**** Provided records ****

lemma Q_set_invariant:
  assumes "\<pi> permutes W"
  shows "\<pi> ` Q_set W \<phi> A \<pi> = Q_set W \<phi> A \<pi>" and "\<phi> ` Q_set W \<phi> A \<pi> = Q_set W \<phi> A \<pi>"
proof -
  let ?Q = "Q_set W \<phi> A \<pi>"
  have "\<pi> ` ?Q \<subseteq> ?Q" unfolding Q_set_def by blast
  moreover have "finite ?Q" using Q_set_subset_W[OF assms] finite_W by (rule finite_subset)
  ultimately show "\<pi> ` ?Q = ?Q" using endo_inj_surj permutes_inj_on[OF assms] by blast
  show "\<phi> ` ?Q = ?Q"
    using involution_mem_Q_set involution by (auto simp: image_iff) metis
qed

lemma perm_mem_Q_set: "\<pi> permutes W \<Longrightarrow> \<pi> z \<in> Q_set W \<phi> A \<pi> \<longleftrightarrow> z \<in> Q_set W \<phi> A \<pi>"
  by (metis Q_set_invariant(1) inj_image_mem_iff permutes_inj)

context
  fixes \<sigma> assumes \<sigma>_permutes: "\<sigma> permutes W"
begin

lemma switch_outside_Q_set: "z \<notin> Q_set W \<phi> A \<sigma> \<Longrightarrow> switch W \<phi> A \<sigma> z = \<phi> (\<sigma> (\<phi> z))"
  by (simp add: switch_def)

lemma switch_mem_Q_set: "switch W \<phi> A \<sigma> z \<in> Q_set W \<phi> A \<sigma> \<longleftrightarrow> z \<in> Q_set W \<phi> A \<sigma>"
  using perm_mem_Q_set[OF \<sigma>_permutes] involution_mem_Q_set by (simp add: switch_def)

lemma switch_permutes: "switch W \<phi> A \<sigma> permutes W"
proof (rule inj_imp_permutes[OF _ finite_W])
  show "inj_on (switch W \<phi> A \<sigma>) W"
  proof (rule inj_onI)
    fix a b assume eq: "switch W \<phi> A \<sigma> a = switch W \<phi> A \<sigma> b"
    then have same_side: "a \<in> Q_set W \<phi> A \<sigma> \<longleftrightarrow> b \<in> Q_set W \<phi> A \<sigma>"
      by (metis switch_mem_Q_set)
    have "\<sigma> a = \<sigma> b \<or> \<phi> (\<sigma> (\<phi> a)) = \<phi> (\<sigma> (\<phi> b))"
      using eq same_side by (auto simp: switch_def split: if_splits)
    then show "a = b"
      using permutes_inj[OF \<sigma>_permutes] involution by (metis injD)
  qed
  show "switch W \<phi> A \<sigma> z \<in> W" if "z \<in> W" for z
    using that involution_mem_W permutes_in_image[OF \<sigma>_permutes] by (simp add: switch_def)
  show "switch W \<phi> A \<sigma> z = z" if "z \<notin> W" for z
    using that Q_set_subset_W[OF \<sigma>_permutes] involution involution_mem_W
      permutes_not_in[OF \<sigma>_permutes] by (auto simp: switch_def)
qed

lemma switch_in_perms:
  assumes "\<sigma> \<in> perms E W" and automorphism: "\<And>z y. E (\<phi> z) (\<phi> y) = E z y"
  shows "switch W \<phi> A \<sigma> \<in> perms E W"
proof -
  have "switch W \<phi> A \<sigma> z = z \<or> E z (switch W \<phi> A \<sigma> z)" if "z \<in> W" for z
  proof -
    have "\<sigma> (\<phi> z) = \<phi> z \<or> E (\<phi> z) (\<sigma> (\<phi> z))"
      using assms(1) that involution_mem_W by (auto simp: perms_iff)
    then have "\<phi> (\<sigma> (\<phi> z)) = z \<or> E z (\<phi> (\<sigma> (\<phi> z)))"
      using automorphism[of "\<phi> z" "\<sigma> (\<phi> z)"] involution by auto
    then show ?thesis using assms(1) that by (auto simp: perms_iff switch_def)
  qed
  then show ?thesis using switch_permutes by (simp add: perms_iff)
qed

lemma switch_fixes: "\<forall>z\<in>A. \<sigma> z = z \<Longrightarrow> \<forall>z\<in>A. switch W \<phi> A \<sigma> z = z"
  using A_subset_Q_set by (auto simp: switch_def)

lemma Q_set_switch: "Q_set W \<phi> A (switch W \<phi> A \<sigma>) = Q_set W \<phi> A \<sigma>"
proof
  let ?Q = "Q_set W \<phi> A \<sigma>" and ?T = "switch W \<phi> A \<sigma>"
  have same_on_Q: "\<And>D. D \<subseteq> ?Q \<Longrightarrow> ?T ` D = \<sigma> ` D"
    by (auto simp: switch_def)
  show sub: "Q_set W \<phi> A ?T \<subseteq> ?Q"
    using Q_set_minimal Q_set_subset_W A_subset_Q_set same_on_Q Q_set_invariant \<sigma>_permutes by simp
  have "\<sigma> ` Q_set W \<phi> A ?T = Q_set W \<phi> A ?T"
    using same_on_Q[OF sub] Q_set_invariant(1)[OF switch_permutes] by simp
  then show "?Q \<subseteq> Q_set W \<phi> A ?T"
    using Q_set_minimal Q_set_subset_W A_subset_Q_set Q_set_invariant(2) switch_permutes by simp
qed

****

◆ Requirement
Scan the records for the string "longleftrightarrow" and show every line that contains it.

◆ Result
lemma perm_mem_Q_set: "\<pi> permutes W \<Longrightarrow> \<pi> z \<in> Q_set W \<phi> A \<pi> \<longleftrightarrow> z \<in> Q_set W \<phi> A \<pi>"
lemma switch_mem_Q_set: "switch W \<phi> A \<sigma> z \<in> Q_set W \<phi> A \<sigma> \<longleftrightarrow> z \<in> Q_set W \<phi> A \<sigma>"
    then have same_side: "a \<in> Q_set W \<phi> A \<sigma> \<longleftrightarrow> b \<in> Q_set W \<phi> A \<sigma>"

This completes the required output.